By analyzing existing cross correlation between Liberty Global PLC and Ooma Inc, you can compare the effects of market volatilities on Liberty Global and Ooma and check how they will diversify away market risk if combined in the same portfolio for a given time horizon. You can also utilize pair trading strategies of matching a long position in Liberty Global with a short position of Ooma. Check out your portfolio center. Please also check ongoing floating volatility patterns of Liberty Global and Ooma.
Diversification Opportunities for Liberty Global and Ooma
0.64 | Correlation Coefficient |
Poor diversification
The 3 months correlation between Liberty and Ooma is 0.64. Overlapping area represents the amount of risk that can be diversified away by holding Liberty Global PLC and Ooma Inc in the same portfolio, assuming nothing else is changed. The correlation between historical prices or returns on Ooma Inc and Liberty Global is a relative statistical measure of the degree to which these equity instruments tend to move together. The correlation coefficient measures the extent to which returns on Liberty Global PLC are associated (or correlated) with Ooma. Values of the correlation coefficient range from -1 to +1, where. The correlation of zero (0) is possible when the price movement of Ooma Inc has no effect on the direction of Liberty Global i.e., Liberty Global and Ooma go up and down completely randomly.
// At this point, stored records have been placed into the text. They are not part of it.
lemma polygon_neighbour_towards:
  assumes "is_diagonal N {a, b}" "w < N" "w \<notin> {a, b}"
  obtains y where "y < N" "y \<notin> {a, b}" "is_edge N {a, y}" "\<not> separates a b y w"
proof -
  obtain y z where yz: "y < N" "z < N" "is_edge N {a, y}" "is_edge N {a, z}" "separates a b y z"
    using assms(1) by (rule separates_polygon_neighbours)
  then have "y \<notin> {a, b}" "z \<notin> {a, b}" "\<not> separates a b y w \<or> \<not> separates a b z w"
    using assms(3) unfolding separates_def by auto
  then show thesis
    using that yz by blast
qed

lemma triangulation_diagonal: "is_triangulation N T \<Longrightarrow> d \<in> T \<Longrightarrow> is_diagonal N d"
  unfolding is_triangulation_def by blast

lemma triangulation_not_crosses: "is_triangulation N T \<Longrightarrow> d \<in> T \<Longrightarrow> e \<in> T \<Longrightarrow> \<not> crosses d e"
  unfolding is_triangulation_def by blast

lemma triangulation_maximal:
  "is_triangulation N T \<Longrightarrow> is_diagonal N e \<Longrightarrow> e \<notin> T \<Longrightarrow> \<exists>d\<in>T. crosses d e"
  unfolding is_triangulation_def by blast

lemma triangulation_side_not_separates:
  assumes "is_triangulation N T" "is_edge N {u, v} \<or> {u, v} \<in> T" "{p, q} \<in> T"
  shows "\<not> separates u v p q"
  using assms(2)
proof
  assume "is_edge N {u, v}"
  moreover have "p < N" "q < N"
    using diagonal_doubleton triangulation_diagonal assms(1,3) by blast+
  ultimately show ?thesis
    by (rule not_separates_edge)
next
  assume "{u, v} \<in> T"
  then show ?thesis
    using triangulation_not_crosses[OF assms(1) _ assms(3)] crosses_iff_separates by blast
qed

lemma missing_side_closer_neighbour:
  assumes tri: "is_triangulation N T" and ab: "{a, b} \<in> T" and x: "x < N" "x \<notin> {a, b}"
    and ax: "is_edge N {a, x} \<or> {a, x} \<in> T" and xb: "\<not> (is_edge N {x, b} \<or> {x, b} \<in> T)"
  obtains p where "p < N" "{a, p} \<in> T" "separates x b p a"
proof -
  have "a < N" "b < N" "a \<noteq> b"
    using diagonal_doubleton triangulation_diagonal tri ab by blast+
  then have "is_diagonal N {x, b}"
    using not_edge_diagonal[of x b N] x xb by auto
  then obtain dd where "dd \<in> T" "crosses dd {x, b}"
    using triangulation_maximal[OF tri] xb by blast
  then obtain p0 q0 where dd: "dd = {p0, q0}" "p0 \<noteq> q0" "p0 < N" "q0 < N"
    using triangulation_diagonal[OF tri] diagonal_vertices by blast
  then have "separates p0 q0 x b"
    using \<open>crosses dd {x, b}\<close> crosses_iff_separates by simp
  then have sep: "separates x b p0 q0"
    using separates_swap[of x N b p0 q0] \<open>b < N\<close> x(1) dd(3,4) by simp
  moreover have "a \<notin> {x, b}"
    using x(2) \<open>a \<noteq> b\<close> by auto
  ultimately have "separates x b p0 a \<or> separates x b q0 a"
    unfolding separates_def by auto
  then obtain p q where pq: "dd = {p, q}" "p < N" "q < N" "separates x b p q" "separates x b p a"
  proof
    assume "separates x b p0 a"
    with dd sep show thesis by (intro that[of p0 q0]) auto
  next
    assume "separates x b q0 a"
    with dd sep show thesis by (intro that[of q0 p0]) (auto simp: separates_sym)
  qed
  have "q = a \<or> separates a b p q \<or> separates a x p q"
    using chord_crossing_triangle_side[of a N b x p q] \<open>a < N\<close> \<open>b < N\<close> x pq by blast
  moreover have "\<not> separates a b p q" "\<not> separates a x p q"
    using triangulation_side_not_separates[OF tri] ab ax \<open>dd \<in> T\<close> pq(1) by blast+
  ultimately have "{a, p} \<in> T"
    using \<open>dd \<in> T\<close> pq(1) by (auto simp: insert_commute)
  then show ?thesis
    using that pq(2,5) by blast
qed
Pair Corralation between Liberty Global and Ooma
Assuming the 90 days horizon Liberty Global is expected to generate 1.84 times less return on investment than Ooma. But when comparing it to its historical volatility, Liberty Global PLC is 1.45 times less risky than Ooma. It trades about 0.02 of its potential returns per unit of risk. Ooma Inc is currently generating about 0.02 of returns per unit of risk over similar time horizon. If you would invest 1,314 in Ooma Inc on November 9, 2024 and sell it today you would earn a total of 169.00 from holding Ooma Inc or generate 12.86% return on investment over 90 days.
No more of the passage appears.